When wall thicknesses exceeds 1/2”, and with some grades of steel, a more sensitive receive antenna is required to establish an acceptable signal. The ultra-sensitive antenna below will work, except in rare cases, with steel plate up to 3” thick plus two inches of insulation. These ultra-sensitive antennas connect via a 3.5mm phono connector, like the other antennas, but are too large and heavy to attach to the units themselves.
Instead, ultra-sensitive antennas are best used with an extension cable, and a handgrip or small tripod, with the receiver unit themselves, nearby and stationary The tripod shown with the above ultra-sensitive antenna, provided with each ultra-sensitive antenna, collapses into a pistol grip so that operators can hold the antenna under its center of gravity.
Ultrasensitive antenna
Extension cable
Each antenna comes with an 18”, standard 3.5mm stereo extension cable (below), with female and male connectors, to allow operators to separate the antenna from transmitter/receiver units, place the units where they will not move, then to move the separated antenna by hand, Operating the antenna separate from the main chassis can be useful in tight spaces, or in hard-to-reach places, such the the underside of metal plate floors.
The extension cable will slightly reduce the sensitivity of the antenna in receiver mode, and slightly decrease the power of signals from the transmitter, but should be useable in most applications.

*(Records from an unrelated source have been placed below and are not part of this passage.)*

(* For each $a\in S^A$, let $P^A_a=\sum_{\alpha\in\Omega^A}P^A_{f_a(\alpha)}$ and $K^{A'}_a=\sqrt{P^A_a}\otimes|a\rangle_{\tilde A}$. Define $$\mathcal G'(\sigma)=V\Pi\Big(\sum_{a\in S^A,b\in S^B}(K^{A'}_a\otimes K^B_b)\sigma(K^{A'}_a\otimes K^B_b)^\dagger\Big)\Pi V^\dagger,$$ which is $\mathcal G$ with the register $\bar A$ omitted. Then for every density operator $\rho_{AB}$ on $H_A\otimes H_B$, $$D\big(\mathcal G(\rho_{AB})\,\|\,\mathcal Z[\mathcal G(\rho_{AB})]\big)=D\big(\mathcal G'(\rho_{AB})\,\|\,\mathcal Z[\mathcal G'(\rho_{AB})]\big).$$
   Context: Setting (reverse-reconciliation postprocessing). Registers and measurements. $H_A,H_B$ are finite-dimensional Hilbert spaces. Alice has a POVM $\{P^A_x\}_{x\in\mathcal X}$ on $H_A$, and Bob has a POVM $\{P^B_y\}_{y\in\mathcal Y}$ on $H_B$. Alice's announcement set $S^A$ gives a partition $\mathcal X=\bigcup_{a\in S^A}\mathcal X_a$ with $|\mathcal X_a|=\omega_A$ for all $a$. Bob's announcement set $S^B$ gives a partition $\mathcal Y=\bigcup_{b\in S^B}\mathcal Y_b$ with $|\mathcal Y_b|=\omega_B$ for all $b$. Fix bijections $f_a:\Omega^A=\{1,\dots,\omega_A\}\to\mathcal X_a$ and $f_b:\Omega^B=\{1,\dots,\omega_B\}\to\mathcal Y_b$. The registers $\tilde A,\tilde B,\bar A,\bar B$ have orthonormal bases $\{|a\rangle\}_{a\in S^A}$, $\{|b\rangle\}_{b\in S^B}$, $\{|\alpha\rangle\}_{\alpha\in\Omega^A}$ and $\{|\beta\rangle\}_{\beta\in\Omega^B}$ respectively. Announcement map. Define $$K^A_a=\sum_{\alpha\in\Omega^A}\sqrt{P^A_{f_a(\alpha)}}\otimes|a\rangle_{\tilde A}\otimes|\alpha\rangle_{\bar A},\qquad K^B_b=\sum_{\beta\in\Omega^B}\sqrt{P^B_{f_b(\beta)}}\otimes|b\rangle_{\tilde B}\otimes|\beta\rangle_{\bar B},$$ and $\mathcal A(\sigma)=\sum_{a\in S^A,b\in S^B}(K^A_a\otimes K^B_b)\sigma(K^A_a\otimes K^B_b)^\dagger$. Sifting. Fix a subset $\mathbf K\subseteq S^A\times S^B$ of kept announcements and let $\Pi=\sum_{(a,b)\in\mathbf K}|a\rangle\langle a|_{\tilde A}\otimes|b\rangle\langle b|_{\tilde B}$. Key map. Fix a key map $g:\mathbf K\times\mathcal Y\to\{0,\dots,N-1\}$, which does not depend on Alice's outcome (reverse reconciliation). The register $R$ has orthonormal basis $\{|j\rangle\}_{j=0}^{N-1}$. Define $$V=\sum_{(a,b)\in\mathbf K,\ \beta\in\Omega^B}|g(a,b,f_b(\beta))\rangle_R\otimes|a\rangle\langle a|_{\tilde A}\otimes|b\rangle\langle b|_{\tilde B}\otimes|\beta\rangle\langle\beta|_{\bar B}.$$ Maps. $\mathcal G(\sigma)=V\Pi\mathcal A(\sigma)\Pi V^\dagger$, and $\mathcal Z(\sigma)=\sum_{j=0}^{N-1}(|j\rangle\langle j|_R\otimes\mathbb 1)\sigma(|j\rangle\langle j|_R\otimes\mathbb 1)$. Relative entropy. $D(\rho\|\sigma)=\operatorname{Tr}(\rho\log_2\rho)-\operatorname{Tr}(\rho\log_2\sigma)$, used also for subnormalized positive operators. *)

theory Defs
  imports "HOL-Analysis.Analysis" "HOL-Library.Extended_Real"
begin

text \<open>Operators between finite-dimensional Hilbert spaces are complex matrices
  indexed by finite types (the index type is an orthonormal basis of the space).
  A matrix of type complex^'n^'m maps the space with basis 'n to the space with
  basis 'm.  Tensor products of spaces correspond to product index types.\<close>

definition adjoint :: "complex^'n^'m \<Rightarrow> complex^'m^'n" where
  "adjoint M = (\<chi> i j. cnj (M $ j $ i))"

definition hermitian :: "complex^'n^'n \<Rightarrow> bool" where
  "hermitian M \<longleftrightarrow> adjoint M = M"

definition unitary :: "complex^'n^'n \<Rightarrow> bool" where
  "unitary U \<longleftrightarrow> adjoint U ** U = mat 1 \<and> U ** adjoint U = mat 1"

definition cinner :: "complex^'n \<Rightarrow> complex^'n \<Rightarrow> complex" where
  "cinner v w = (\<Sum>i\<in>UNIV. cnj (v $ i) * w $ i)"

definition psd :: "complex^'n^'n \<Rightarrow> bool" where
  "psd M \<longleftrightarrow> hermitian M \<and> (\<forall>v. 0 \<le> Re (cinner v (M *v v)))"

definition density_op :: "complex^'n^'n \<Rightarrow> bool" where
  "density_op \<rho> \<longleftrightarrow> psd \<rho> \<and> trace \<rho> = 1"

definition povm :: "('x::finite \<Rightarrow> complex^'n^'n) \<Rightarrow> bool" where
  "povm P \<longleftrightarrow> (\<forall>x. psd (P x)) \<and> (\<Sum>x\<in>UNIV. P x) = mat 1"

definition rdiag :: "('n \<Rightarrow> real) \<Rightarrow> complex^'n^'n" where
  "rdiag d = (\<chi> i j. if i = j then complex_of_real (d i) else 0)"

definition mat_fun :: "(real \<Rightarrow> real) \<Rightarrow> complex^'n^'n \<Rightarrow> complex^'n^'n" where
  "mat_fun f M = (SOME N. \<exists>U d. unitary U \<and> M = U ** rdiag d ** adjoint U
                          \<and> N = U ** rdiag (f \<circ> d) ** adjoint U)"

definition msqrt :: "complex^'n^'n \<Rightarrow> complex^'n^'n" where
  "msqrt M = mat_fun sqrt M"

text \<open>log2 on the support (eigenvalue 0 is mapped to 0); together with the support
  condition in rel_entropy this is the standard convention.\<close>
definition mlog2 :: "complex^'n^'n \<Rightarrow> complex^'n^'n" where
  "mlog2 M = mat_fun (\<lambda>x. if 0 < x then log 2 x else 0) M"

definition rel_entropy :: "complex^'n^'n \<Rightarrow> complex^'n^'n \<Rightarrow> ereal" where
  "rel_entropy \<rho> \<sigma> =
     (if \<forall>v. \<sigma> *v v = 0 \<longrightarrow> \<rho> *v v = 0
      then ereal (Re (trace (\<rho> ** mlog2 \<rho>) - trace (\<rho> ** mlog2 \<sigma>)))
      else \<infinity>)"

Multiple extension cables can be hooked together to achieve 36″ or 48″ total length, as needed.
Magnetic attach plate
It is sometimes desirable to fix an antenna directly to a bare metal surface of a barrier. For example, when only one operator is available to pinpoint corresponding points on opposite sides of a barrier, that operator can, using an extension cord and magnetic attach plate, directly fix an antenna from a transmitter up to 18” away onto the bare metal surface of the barrier. Then, after turning the transmitter on, the operator can move to the opposite side of the barrier and use a receiver (or receive function on a transceiver) to pinpoint the location of the transmitter on the opposite side of the barrier.
Another application for the magnetic attach plate occurs when communicating through the barrier using the dedicated transmitter (as opposed to the transmitter in the transceiver). Because high power output levels of the dedicated transmitter can sometimes distort GO/STOP coded signals, placing the magnetic attach plate between the transmit antenna and the bare metal of the barrier is recommenced because this magnetic attach plate removes the signal distortions at high transmit power.

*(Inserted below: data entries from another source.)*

lemma maxvar_convex:
  assumes M: "prob_space M" and n: "n > 0" and X: "integrable M X" and Y: "integrable M Y"
    and t: "0 \<le> t" "t \<le> 1"
  shows "maxvar n M (\<lambda>\<omega>. t * X \<omega> + (1 - t) * Y \<omega>) \<le> t * maxvar n M X + (1 - t) * maxvar n M Y"
proof -
  have [measurable]: "X \<in> borel_measurable M" "Y \<in> borel_measurable M" using X Y by simp_all
  have "maxvar n M (\<lambda>\<omega>. t * X \<omega> + (1 - t) * Y \<omega>)
      = (\<integral>\<omega>. max_of_copies n (\<lambda>\<omega>. t * X \<omega> + (1 - t) * Y \<omega>) \<omega> \<partial>PiM {..<n} (\<lambda>_. M))"
    by (rule maxvar_eq_integral_max_of_copies[OF M]) measurable
  also have "\<dots> \<le> (\<integral>\<omega>. t * max_of_copies n X \<omega> + (1 - t) * max_of_copies n Y \<omega> \<partial>PiM {..<n} (\<lambda>_. M))"
  proof (rule integral_mono)
    show "integrable (PiM {..<n} (\<lambda>_. M)) (max_of_copies n (\<lambda>\<omega>. t * X \<omega> + (1 - t) * Y \<omega>))"
      using X Y by (intro integrable_max_of_copies[OF M n]) auto
    show "integrable (PiM {..<n} (\<lambda>_. M))
        (\<lambda>\<omega>. t * max_of_copies n X \<omega> + (1 - t) * max_of_copies n Y \<omega>)"
      using integrable_max_of_copies[OF M n X] integrable_max_of_copies[OF M n Y] by auto
    fix \<omega>
    show "max_of_copies n (\<lambda>\<omega>. t * X \<omega> + (1 - t) * Y \<omega>) \<omega>
        \<le> t * max_of_copies n X \<omega> + (1 - t) * max_of_copies n Y \<omega>"
      unfolding max_of_copies_def using n t by (intro Max_image_convex_le) auto
  qed
  also have "\<dots> = t * maxvar n M X + (1 - t) * maxvar n M Y"
    using integrable_max_of_copies[OF M n X] integrable_max_of_copies[OF M n Y]
    by (simp add: maxvar_eq_integral_max_of_copies[OF M])
  finally show ?thesis .
qed

lemma maxvar_mono_AE:
  assumes M: "prob_space M" and n: "n > 0" and X: "integrable M X" and Y: "integrable M Y"
    and le: "AE \<omega> in M. X \<omega> \<le> Y \<omega>"
  shows "maxvar n M X \<le> maxvar n M Y"
proof -
  have [measurable]: "X \<in> borel_measurable M" "Y \<in> borel_measurable M" using X Y by simp_all
  have "AE \<omega> in PiM {..<n} (\<lambda>_. M). \<forall>i\<in>{..<n}. X (\<omega> i) \<le> Y (\<omega> i)"
    by (intro eventually_ball_finite ballI AE_PiM_component[where P="\<lambda>x. X x \<le> Y x"] M le) auto
  then have "AE \<omega> in PiM {..<n} (\<lambda>_. M). max_of_copies n X \<omega> \<le> max_of_copies n Y \<omega>"
    by eventually_elim (use n in \<open>auto simp: max_of_copies_def intro: Max_image_mono\<close>)
  then show ?thesis
    using integrable_max_of_copies[OF M n X] integrable_max_of_copies[OF M n Y]
    by (simp add: maxvar_eq_integral_max_of_copies[OF M] integral_mono_AE)
qed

Below, a standard antenna, with an extension cord connected to a dedicated transmitter, is shown fixed to a metal wall with magnetic attach plate (shown without antenna on right).
Magnetic attach plate
Remote units
The remote units have an optical receiver, indicator LED’s and speaker, and are designed to be carried or worn by operators who cannot easily see GO/STOP/URGENT messages displayed on a receiver’s screen.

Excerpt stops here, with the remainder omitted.